If somebody does make a tasteless comment on the length of a co-worker’s skirt, it is of course a violation of workplace rules. Helga Schmidt advises an immediate response to any suggestive remarks. “I, the victim, must immediately make it clear that such behaviour is unacceptable.” Hereby, it is important to set the boundaries whilst maintaining an objective and business-like manner. After repeat offences, Schmidt suggests involving a direct superior or department manager.

She also recommends resolving any workplace conflict as quickly as possible. “If a co-worker feels harassed or bullied by the bad behaviour of another, a face-to-face conversation is the best way to manage it.” If nothing changes, a supervisor must take action. This applies to all causes of conflict. “Perhaps a co-worker has body odour, dresses inappropriately or comes to work in open shoes.” A fast reaction prevents such conflicts from spreading and hindering effective teamwork. In short, resolving workplace friction is a top priority.

5. Quick Info – A Short Interview

Professional communications coach, Helga Schmidt, specialises in business etiquette and trains new coaches in the field. In a short interview, she provided insight into the complexity of office behaviour.

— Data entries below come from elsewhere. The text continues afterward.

(* Let $c_0,c_1>0$ be sufficiently large numerical constants, let $K\ge2$ be a fixed integer, and define $\beta_1=T^{-c_0}$, $\beta_t=\frac{c_1\log T}{T}\min\{\beta_1(1+\frac{c_1\log T}{T})^t,1\}$ for $2\le t\le T$, $\alpha_t=1-\beta_t$, $\overline\alpha_t=\prod_{i=1}^t\alpha_i$. For $2\le t\le T$ let $\tau_{t,0}=1-\overline\alpha_t$, $\tau_{t,K-1}=1-\overline\alpha_{t-1}$, $\tau_{t,i}=\tau_{t,0}-\frac{i}{K-1}(\tau_{t,0}-\tau_{t,K-1})$ for $0\le i\le K-1$, let $\psi_i(\tau)=\prod_{i'\ne i}(\tau-\tau_{t,i'})/\prod_{i'\ne i}(\tau_{t,i}-\tau_{t,i'})$ (products over $0\le i'\le K-1$, $i'\ne i$) and $\gamma_{t,i}(\tau')=\int_{\tau'}^{\tau_{t,0}}\psi_i(\tau)d\tau$. Then for $T$ large enough: (a) $\alpha_t\ge 1-\frac{c_1\log T}{T}\ge\frac12$ for $1\le t\le T$; (b) $\frac12\frac{1-\alpha_t}{1-\overline\alpha_t}\le\frac12\frac{1-\alpha_t}{\alpha_t-\overline\alpha_t}\le\frac{1-\alpha_t}{1-\overline\alpha_{t-1}}\le\frac{4c_1\log T}{T}$ for $2\le t\le T$; (c) $1\le\frac{1-\overline\alpha_t}{1-\overline\alpha_{t-1}}\le1+\frac{4c_1\log T}{T}$ for $2\le t\le T$; (d) $\overline\alpha_T\le T^{-c_2}$ for a sufficiently large constant $c_2$; (e) $\frac{\overline\alpha_{t+1}}{1-\overline\alpha_{t+1}}\le\frac{\overline\alpha_t}{1-\overline\alpha_t}\le\frac{4\overline\alpha_{t+1}}{1-\overline\alpha_{t+1}}$ for $1\le t<T$; (f) $\Big|\frac{\tau_{t,i_1}-\tau_{t,i_2}}{\tau_{t,i_3}(1-\tau_{t,i_4})}\Big|\le 8c_1\frac{\log T}{T}$ for $2\le t\le T$ and $0\le i_1,i_2,i_3,i_4\le K-1$; (g) $|\gamma_{t,i}(\tau_{t,j})|\le 2^K(\tau_{t,0}-\tau_{t,j})$ for all $0\le i,j\le K-1$; (h) $1-\tau_{t,i}\asymp 1-\tau_{t,j}$ and $\tau_{t,i}\asymp\tau_{t,j}$ for all $0\le i,j\le K-1$, $2\le t\le T$.
   Context: $a\asymp b$ means $c\,b\le a\le C\,b$ for positive numerical constants $c,C$ independent of $T$, $t$, $i$, $j$. *)

theory Defs
  imports "HOL-Analysis.Analysis"
begin

definition beta :: "real \<Rightarrow> real \<Rightarrow> nat \<Rightarrow> nat \<Rightarrow> real" where
  "beta c0 c1 T t =
     (if t = 1 then real T powr (- c0)
      else c1 * ln (real T) / real T *
           min (real T powr (- c0) * (1 + c1 * ln (real T) / real T) ^ t) 1)"

definition alpha :: "real \<Rightarrow> real \<Rightarrow> nat \<Rightarrow> nat \<Rightarrow> real" where
  "alpha c0 c1 T t = 1 - beta c0 c1 T t"

definition alphabar :: "real \<Rightarrow> real \<Rightarrow> nat \<Rightarrow> nat \<Rightarrow> real" where
  "alphabar c0 c1 T t = (\<Prod>i\<in>{1..t}. alpha c0 c1 T i)"

definition tau :: "real \<Rightarrow> real \<Rightarrow> nat \<Rightarrow> nat \<Rightarrow> nat \<Rightarrow> nat \<Rightarrow> real" where
  "tau c0 c1 K T t i =
     (1 - alphabar c0 c1 T t)
     - real i / real (K - 1) * ((1 - alphabar c0 c1 T t) - (1 - alphabar c0 c1 T (t - 1)))"

definition psi :: "real \<Rightarrow> real \<Rightarrow> nat \<Rightarrow> nat \<Rightarrow> nat \<Rightarrow> nat \<Rightarrow> real \<Rightarrow> real" where
  "psi c0 c1 K T t i x =
     (\<Prod>i'\<in>{0..K-1} - {i}. (x - tau c0 c1 K T t i')) /
     (\<Prod>i'\<in>{0..K-1} - {i}. (tau c0 c1 K T t i - tau c0 c1 K T t i'))"

definition oint :: "real \<Rightarrow> real \<Rightarrow> (real \<Rightarrow> real) \<Rightarrow> real" where
  "oint a b f = (if a \<le> b then integral {a..b} f else - integral {b..a} f)"

definition gamma :: "real \<Rightarrow> real \<Rightarrow> nat \<Rightarrow> nat \<Rightarrow> nat \<Rightarrow> nat \<Rightarrow> real \<Rightarrow> real" where
  "gamma c0 c1 K T t i x = oint x (tau c0 c1 K T t 0) (psi c0 c1 K T t i)"

end

theory Submission
  imports Defs "HOL-Real_Asymp.Real_Asymp"
begin

(* Write L = c1 log T / T and ramp(t) = min (T^(-c0) (1 + L)^t) 1, so that beta_t = L ramp(t)
   for t >= 2. The central estimate is beta_(t+1) <= 4 L (1 - alphabar_t), i.e. 1 - alphabar_t
   stays above ramp(t+1)/4: by induction, since the increment L ramp(t+1) alphabar_t of
   1 - alphabar is large enough to absorb the growth factor 1 + L of the ramp. With alpha_t >= 3/4 this
   gives the one-step comparisons (b), (c), (e), (f), (h). For (d), once t >= T/2 the ramp
   has saturated (c1 >= 4 c0), so alphabar_T <= (1 - L)^(T/2) <= T^(-c1/2). For (g), the
   nodes tau_(t,i) are equispaced, and after rescaling them to 0, ..., K-1 every Lagrange
   basis polynomial is bounded by 2^K on [0, K-1]. *)

lemma prod_real_diff_eq_fact: "(\<Prod>k\<in>{a+1..b}. real (k - a)) = fact (b - a)"
proof (cases "a \<le> b")
  case True
  have "(\<Prod>k\<in>{a+1..b}. real (k - a)) = (\<Prod>k\<in>{1+a..(b-a)+a}. real (k - a))"
    using True by (simp add: add.commute)
  also have "\<dots> = (\<Prod>j\<in>{1..b-a}. real (j + a - a))"
    by (rule prod.shift_bounds_cl_nat_ivl)
  also have "\<dots> = fact (b - a)" by (simp add: fact_prod)
  finally show ?thesis .
next
  case False then show ?thesis by simp
qed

Where are most behaviour-related mistakes made in the office?

The largest number of offences and the most serious are committed at work parties, when alcohol comes into play. In minor cases in Germany, work colleagues offer each other the informal “du” form and regret embarrassing themselves the next day, creating a bad atmosphere at work.

How do I address a superior/my boss in an email?

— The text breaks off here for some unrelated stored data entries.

lemma rho_eq_0_if_annihilator_degrees_UNIV:
  assumes "annihilator_degrees rho l v = UNIV"
  shows "rho l h v = 0"
proof (rule poly_subspace_with_all_degrees[where P = "\<lambda>f. rho l f v = 0"])
  show "\<exists>f. rho l f v = 0 \<and> f \<noteq> 0 \<and> degree f = n" for n
    using assms unfolding annihilator_degrees_def by blast
qed (simp_all add: rho_add_poly rho_smult)

lemma degree_in_annihilator_degrees_shift:
  assumes "rho a f v = 0" and "f \<noteq> 0" and "rho b 1 v = 0" and "int (Suc (degree f)) * b \<noteq> a"
  shows "degree f \<in> annihilator_degrees rho (a + b) v"
  using rho_bracket_eq_0[OF assms(1,3)] degree_W_bracket_poly_one_right[OF assms(2,4)]
  unfolding annihilator_degrees_def by blast

lemma annihilator_degrees_step:
  assumes "rho b 1 v = 0" and "rho b [:0,1:] v = 0" and "b > 2 * a" and "a \<ge> 0"
    and "n \<in> annihilator_degrees rho a v"
  shows "n \<in> annihilator_degrees rho (a + b) v \<and> Suc n \<in> annihilator_degrees rho (a + b) v"
proof
  obtain f where f: "rho a f v = 0" "f \<noteq> 0" "degree f = n"
    using assms(5) unfolding annihilator_degrees_def by blast
  have "int (Suc n) * b \<ge> b"
    using assms(3,4) by (simp add: mult_le_cancel_right1)
  then have "int (Suc (degree f)) * b \<noteq> a"
    unfolding f(3) using assms(3,4) by linarith
  then show "n \<in> annihilator_degrees rho (a + b) v"
    using degree_in_annihilator_degrees_shift[OF f(1,2) assms(1)] f(3) by simp
  define M where "M = W_bracket_poly a f b [:0,1:]"
  have "rho (a + b) M v = 0"
    unfolding M_def by (rule rho_bracket_eq_0[OF f(1) assms(2)])
  have "degree M \<le> Suc n"
    using W_bracket_poly_one_right[of f n a b] degree_mult_le[of "[:of_int a,1:]" f] f(3)
    unfolding M_def W_bracket_poly_X_right
    by (auto intro!: degree_diff_le order_trans[OF degree_smult_le] simp: degree_pCons_le)
  have "coeff M (Suc n) = of_int (int (Suc n) * b - 2 * a) * coeff f n"
    using W_bracket_poly_one_right[of f n a b] f(3)
    unfolding M_def W_bracket_poly_X_right by (simp add: coeff_eq_0 mult_pCons_left algebra_simps)
  moreover have "(of_int (int (Suc n) * b - 2 * a) :: 'a) \<noteq> 0"
    using \<open>int (Suc n) * b \<ge> b\<close> assms(3) unfolding of_int_eq_0_iff by linarith
  moreover have "coeff f n \<noteq> 0"
    using f(2,3) by (metis leading_coeff_0_iff)
  ultimately have "coeff M (Suc n) \<noteq> 0"
    by simp
  with \<open>degree M \<le> Suc n\<close> have "M \<noteq> 0" "degree M = Suc n"
    by (auto intro: antisym le_degree)
  with \<open>rho (a + b) M v = 0\<close> show "Suc n \<in> annihilator_degrees rho (a + b) v"
    unfolding annihilator_degrees_def by blast
qed

lemma missing_degrees_independent:
  assumes "finite S" and "S \<inter> annihilator_degrees rho a v = {}"
    and "(\<Sum>n\<in>S. scale (c n) (rho a (monom 1 n) v)) = 0"
  shows "\<forall>n\<in>S. c n = 0"
proof -
  define p where "p = (\<Sum>n\<in>S. monom (c n) n)"
  have monom: "rho a (monom (c n) n) v = scale (c n) (rho a (monom 1 n) v)" for n
    using rho_smult[of a "c n" "monom 1 n" v] by (simp add: smult_monom)
  have "rho a p v = (\<Sum>n\<in>S. rho a (monom (c n) n) v)"
    unfolding p_def by (induction S rule: infinite_finite_induct) (simp_all add: rho_add_poly)
  then have "rho a p v = 0"
    using assms(3) by (simp add: monom)
  have coeff_p: "coeff p m = (if m \<in> S then c m else 0)" for m
    unfolding p_def using assms(1) by (simp add: coeff_sum coeff_monom)
  have "p = 0"
  proof (rule ccontr)
    assume "p \<noteq> 0"
    then have "coeff p (degree p) \<noteq> 0"
      by simp
    then have "degree p \<in> S"
      using coeff_p[of "degree p"] by (auto split: if_splits)
    moreover have "degree p \<in> annihilator_degrees rho a v"
      using \<open>p \<noteq> 0\<close> \<open>rho a p v = 0\<close> unfolding annihilator_degrees_def by blast
    ultimately show False
      using assms(2) by blast
  qed
  then show ?thesis
    using coeff_p by (metis coeff_0)
qed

Greetings like “Hi” and “Hey” are widespread but remain inappropriate for addressing your boss. They are far too personal and detract from professionalism. Generally speaking, the company manager did not climb to their position by using such salutations, either. No, I prefer “Dear”, “Good morning” or “Good day”.

What about eating in the office?

Eating a sandwich in the office is not appropriate. Despite this, many offices simply do not offer an alternative. In these cases, eating in the office is okay after clarification with your supervisor. Be carful that your meal does not become an annoyance for colleagues through a crackling chocolate bar wrapper, for example. Common courtesy applies. This includes washing your hands before and after a meal.

What else is important in good office manners?

If you are working in an open-plan office, you must not talk loudly on the telephone nor hold too many private conversations with colleagues. In a large office space, it is important to be considerate. If you want something from a colleague, don’t shout across the office. If you need somebody, go and find them. If a customer or business partner calls, answer the telephone with an appropriate greeting (e.g. “Hello” or “Good morning”), your first name, last name and organisation. If a stranger or a customer enters the office, stand up and acknowledge them politely.

Office etiquette is clearly a large field and it is strewn with pitfalls. But proper manners are not everything. With a positive attitude and friendly manner, even the odd breach of office protocol will be forgiven. For, in the Dalai Lama’s words, it is necessary to “Learn the rules so you know how to break them properly”.